▶ **Task instructions**
Repeat only the stretch of lines below that runs from the line with "nat) \<Rightarrow> nat" through the line with "text \<open>Write \<open>W\<^sub>t\<^sup>k\<close>", unaltered.

▶ **Records to use**
(* Let $K\ge1$ and let $w_1,w_2,\dots$ be vectors in the probability simplex $\mathcal P_K=\{w\in[0,1]^K:\sum_kw^k=1\}$, with the first $K$ of them satisfying $\sum_{s=1}^Kw_s^k=1$ for every $k\in[K]$ (the burn-in rounds, in which each arm is played exactly once, so $n_K^k=1$ for all $k$). For $t>K$, suppose the arm played at round $t$ is \[ k_t=\mathrm{argmin}_{k\in[K]}\frac{n_{t-1}^k}{\sum_{s=1}^tw_s^k}, \] where $n_t^k$ denotes the number of times arm $k$ has been played up to and including round $t$ (so $n_t^{k_t}=n_{t-1}^{k_t}+1$ and $n_t^k=n_{t-1}^k$ for $k\ne k_t$). Then for all $t\ge K$ and all $k\in[K]$, \[ \sum_{s=1}^tw_s^k-(K-1)\le n_t^k\le\sum_{s=1}^tw_s^k+1. \]
   Context: This is the tracking rule used within each phase of an arm-sampling algorithm: at each round a sampling distribution $w_t$ over the $K$ arms is produced, and the played arm is chosen by the displayed argmin rule (ties broken arbitrarily). *)

theory Defs
  imports Complex_Main
begin

text \<open>Arms are 0,...,K-1, rounds are 1,2,...; play t is the arm played at round t.
  plays play t k = number of rounds s in {1..t} with play s = k  (n_t^k).
  cumw w t k = sum of w_s^k for s = 1..t.\<close>

definition plays :: "(nat \<Rightarrow> nat) \<Rightarrow> nat \<Rightarrow> nat \<Rightarrow> nat" where
  "plays play t k = card {s \<in> {1..t}. play s = k}"

definition cumw :: "(nat \<Rightarrow> nat \<Rightarrow> real) \<Rightarrow> nat \<Rightarrow> nat \<Rightarrow> real" where
  "cumw w t k = (\<Sum>s=1..t. w s k)"

end

theory Submission
  imports Defs
begin

text \<open>Write \<open>W\<^sub>t\<^sup>k\<close> for the cumulative weight of arm \<open>k\<close>. If every arm satisfies
  \<open>n\<^sub>t\<^sup>k \<le> W\<^sub>t\<^sup>k + 1\<close>, the lower bound follows because both \<open>n\<^sub>t\<close> and \<open>W\<^sub>t\<close> sum to \<open>t\<close>
  over the arms. The upper bound is proved by induction on \<open>t\<close>: only the arm \<open>p\<close> played at
  round \<open>t\<close> gains a play, and since \<open>p\<close> minimises \<open>n\<^sub>t\<^sub>-\<^sub>1\<^sup>k / W\<^sub>t\<^sup>k\<close>, comparing it with
  the ratio of the sums gives \<open>n\<^sub>t\<^sub>-\<^sub>1\<^sup>p / W\<^sub>t\<^sup>p \<le> (t - 1) / t \<le> 1\<close>.\<close>

lemma plays_Suc:
  "real (plays play (Suc t) k) = real (plays play t k) + (if play (Suc t) = k then 1 else 0)"
proof -
  have "{s \<in> {1..Suc t}. play s = k} =
      {s \<in> {1..t}. play s = k} \<union> (if play (Suc t) = k then {Suc t} else {})"
    by (auto simp: le_Suc_eq)
  then show ?thesis
    unfolding plays_def by simp
qed

lemma cumw_Suc: "cumw w (Suc t) k = cumw w t k + w (Suc t) k"
  unfolding cumw_def by simp

lemma cumw_mono:
  assumes "t \<le> t'" and "\<And>s. t < s \<Longrightarrow> 0 \<le> w s k"
  shows "cumw w t k \<le> cumw w t' k"
  using assms(1)
proof (induction t' rule: dec_induct)
  case (step n)
  then show ?case
    using assms(2)[of "Suc n"] by (simp add: cumw_Suc)
qed simp

lemma sum_plays:
  assumes "\<And>s. s \<in> {1..t} \<Longrightarrow> play s < K"
  shows "(\<Sum>k<K. real (plays play t k)) = real t"
proof -
  have "(\<Sum>k<K. real (plays play t k)) = (\<Sum>k<K. \<Sum>s=1..t. if play s = k then 1 else 0)"
    unfolding plays_def by (simp add: sum.If_cases Int_def conj_commute)
  also have "\<dots> = (\<Sum>s=1..t. \<Sum>k<K. if play s = k then 1 else 0)"
    by (rule sum.swap)
  also have "\<dots> = (\<Sum>s=1..t. 1)"
    using assms by (intro sum.cong) auto
  finally show ?thesis
    by simp
qed

lemma sum_cumw:
  assumes "\<And>s. s \<in> {1..t} \<Longrightarrow> (\<Sum>k<K. w s k) = 1"
  shows "(\<Sum>k<K. cumw w t k) = real t"
proof -
  have "(\<Sum>k<K. cumw w t k) = (\<Sum>s=1..t. \<Sum>k<K. w s k)"
    unfolding cumw_def by (rule sum.swap)
  also have "\<dots> = (\<Sum>s=1..t. 1)"
    using assms by (intro sum.cong) auto
  finally show ?thesis
    by simp
qed

lemma plays_eq_1_if_bij_betw:
  assumes "bij_betw play {1..K} {..<K}" and "k < K"
  shows "plays play K k = 1"
proof -
  have "k \<in> play ` {1..K}"
    using bij_betw_imp_surj_on[OF assms(1)] assms(2) by blast
  then obtain s where s: "s \<in> {1..K}" "play s = k"
    by blast
  have "{s' \<in> {1..K}. play s' = k} = {s}"
    using s bij_betw_imp_inj_on[OF assms(1)] by (auto dest: inj_onD)
  then show ?thesis
    unfolding plays_def by simp
qed

lemma argmin_ratio_le:
  fixes a c :: "'a \<Rightarrow> real"
  assumes "finite A" and "p \<in> A"
    and pos: "\<And>j. j \<in> A \<Longrightarrow> 0 < c j"
    and argmin: "\<And>j. j \<in> A \<Longrightarrow> a p / c p \<le> a j / c j"
    and sum_le: "sum a A \<le> sum c A"
  shows "a p \<le> c p"
proof -
  have "a p * sum c A = (\<Sum>j\<in>A. a p * c j)"
    by (rule sum_distrib_left)
  also have "\<dots> \<le> (\<Sum>j\<in>A. a j * c p)"
  proof (rule sum_mono)
    show "a p * c j \<le> a j * c p" if "j \<in> A" for j
      using argmin[OF that] pos[OF that] pos[OF \<open>p \<in> A\<close>] by (simp add: field_simps)
  qed
  also have "\<dots> = sum a A * c p"
    by (rule sum_distrib_right[symmetric])
  also have "\<dots> \<le> sum c A * c p"
    using sum_le pos[OF \<open>p \<in> A\<close>] by (simp add: mult_right_mono)
  finally have "a p * sum c A \<le> c p * sum c A"
    by (simp add: mult.commute)
  moreover have "0 < sum c A"
    using assms(1,2) pos by (intro sum_pos2[where i = p]) (auto intro: less_imp_le)
  ultimately show ?thesis
    by simp
qed

lemma lower_bound_of_upper_bounds:
  fixes n c :: "'a \<Rightarrow> real"
  assumes "finite A" and "k \<in> A"
    and "sum n A = sum c A"
    and upper: "\<And>j. j \<in> A \<Longrightarrow> n j \<le> c j + 1"
  shows "c k - (real (card A) - 1) \<le> n k"
proof -
  have "sum n (A - {k}) \<le> (\<Sum>j\<in>A - {k}. c j + 1)"
    using upper by (intro sum_mono) auto
  also have "\<dots> = sum c (A - {k}) + (real (card A) - 1)"
    using assms(1,2) card_gt_0_iff[of A] by (auto simp: sum.distrib of_nat_diff)
  finally show ?thesis
    using assms(1-3) by (simp add: sum.remove)
qed

lemma plays_le_cumw_add_1:
  assumes base: "\<And>k. k < K \<Longrightarrow> real (plays play K k) \<le> cumw w K k + 1"
    and nonneg: "\<And>s k. K < s \<Longrightarrow> k < K \<Longrightarrow> 0 \<le> w s k"
    and played: "\<And>t. K < t \<Longrightarrow> real (plays play (t - 1) (play t)) \<le> cumw w t (play t)"
    and "K \<le> t" and "k < K"
  shows "real (plays play t k) \<le> cumw w t k + 1"
  using \<open>K \<le> t\<close> \<open>k < K\<close>
proof (induction t arbitrary: k rule: dec_induct)
  case base
  then show ?case
    using assms(1) by simp
next
  case (step t)
  show ?case
  proof (cases "play (Suc t) = k")
    case True
    then show ?thesis
      using played[of "Suc t"] step.hyps by (simp add: plays_Suc)
  next
    case False
    have "real (plays play t k) \<le> cumw w t k + 1"
      using step.IH step.prems .
    then show ?thesis
      using False step.hyps nonneg[of "Suc t" k] step.prems by (simp add: plays_Suc cumw_Suc)
  qed
qed

theorem lemma3:
  fixes K :: nat and w :: "nat \<Rightarrow> nat \<Rightarrow> real" and play :: "nat \<Rightarrow> nat"
  assumes K_pos: "K \<ge> 1"
    and simplex: "\<And>s. s \<ge> 1 \<Longrightarrow> (\<forall>k<K. 0 \<le> w s k \<and> w s k \<le> 1) \<and> (\<Sum>k<K. w s k) = 1"
    and burnin_w: "\<And>k. k < K \<Longrightarrow> (\<Sum>s=1..K. w s k) = 1"
    and burnin_play: "bij_betw play {1..K} {..<K}"
    and argmin: "\<And>t. t > K \<Longrightarrow> play t < K \<and>
       (\<forall>j<K. real (plays play (t - 1) (play t)) / cumw w t (play t)
               \<le> real (plays play (t - 1) j) / cumw w t j)"
  shows "\<forall>t\<ge>K. \<forall>k<K. cumw w t k - (real K - 1) \<le> real (plays play t k)
                      \<and> real (plays play t k) \<le> cumw w t k + 1"
proof -
  have play_lt: "play s < K" if "1 \<le> s" for s
    using bij_betwE[OF burnin_play] argmin[of s] that by (cases "s \<le> K") auto
  have nonneg: "0 \<le> w s k" if "K < s" "k < K" for s k
    using simplex[of s] that K_pos by simp
  have sum_plays_eq: "(\<Sum>k<K. real (plays play t k)) = real t" for t
    by (rule sum_plays) (simp add: play_lt)
  have sum_cumw_eq: "(\<Sum>k<K. cumw w t k) = real t" for t
    by (rule sum_cumw) (simp add: simplex)
  have cumw_ge_1: "1 \<le> cumw w t k" if "K \<le> t" "k < K" for t k
    using cumw_mono[OF that(1), of w k] nonneg burnin_w[OF that(2)] that(2)
    by (simp add: cumw_def)
  have played: "real (plays play (t - 1) (play t)) \<le> cumw w t (play t)" if "K < t" for t
  proof (rule argmin_ratio_le[where A = "{..<K}"])
    show "play t \<in> {..<K}"
      using argmin[OF \<open>K < t\<close>] by simp
    show "0 < cumw w t j" if "j \<in> {..<K}" for j
      using cumw_ge_1[of t j] that \<open>K < t\<close> by simp
    show "real (plays play (t - 1) (play t)) / cumw w t (play t)
        \<le> real (plays play (t - 1) j) / cumw w t j" if "j \<in> {..<K}" for j
      using argmin[OF \<open>K < t\<close>] that by blast
    show "(\<Sum>j<K. real (plays play (t - 1) j)) \<le> (\<Sum>j<K. cumw w t j)"
      by (simp add: sum_plays_eq sum_cumw_eq)
  qed simp
  have upper: "real (plays play t k) \<le> cumw w t k + 1" if "K \<le> t" "k < K" for t k
  proof (rule plays_le_cumw_add_1[OF _ nonneg played that])
    show "real (plays play K j) \<le> cumw w K j + 1" if "j < K" for j
      using plays_eq_1_if_bij_betw[OF burnin_play that] cumw_ge_1[of K j] that by simp
  qed
  have lower: "cumw w t k - (real K - 1) \<le> real (plays play t k)" if "K \<le> t" "k < K" for t k
    using lower_bound_of_upper_bounds[of "{..<K}" k "\<lambda>j. real (plays play t j)" "cumw w t"]
      sum_plays_eq sum_cumw_eq upper[OF that(1)] that(2) by simp
  show ?thesis
    using lower upper by blast
qed

end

▶ **Task output**
definition plays :: "(nat \<Rightarrow> nat) \<Rightarrow> nat \<Rightarrow> nat \<Rightarrow> nat" where
  "plays play t k = card {s \<in> {1..t}. play s = k}"

definition cumw :: "(nat \<Rightarrow> nat \<Rightarrow> real) \<Rightarrow> nat \<Rightarrow> nat \<Rightarrow> real" where
  "cumw w t k = (\<Sum>s=1..t. w s k)"

end

theory Submission
  imports Defs
begin

text \<open>Write \<open>W\<^sub>t\<^sup>k\<close> for the cumulative weight of arm \<open>k\<close>. If every arm satisfies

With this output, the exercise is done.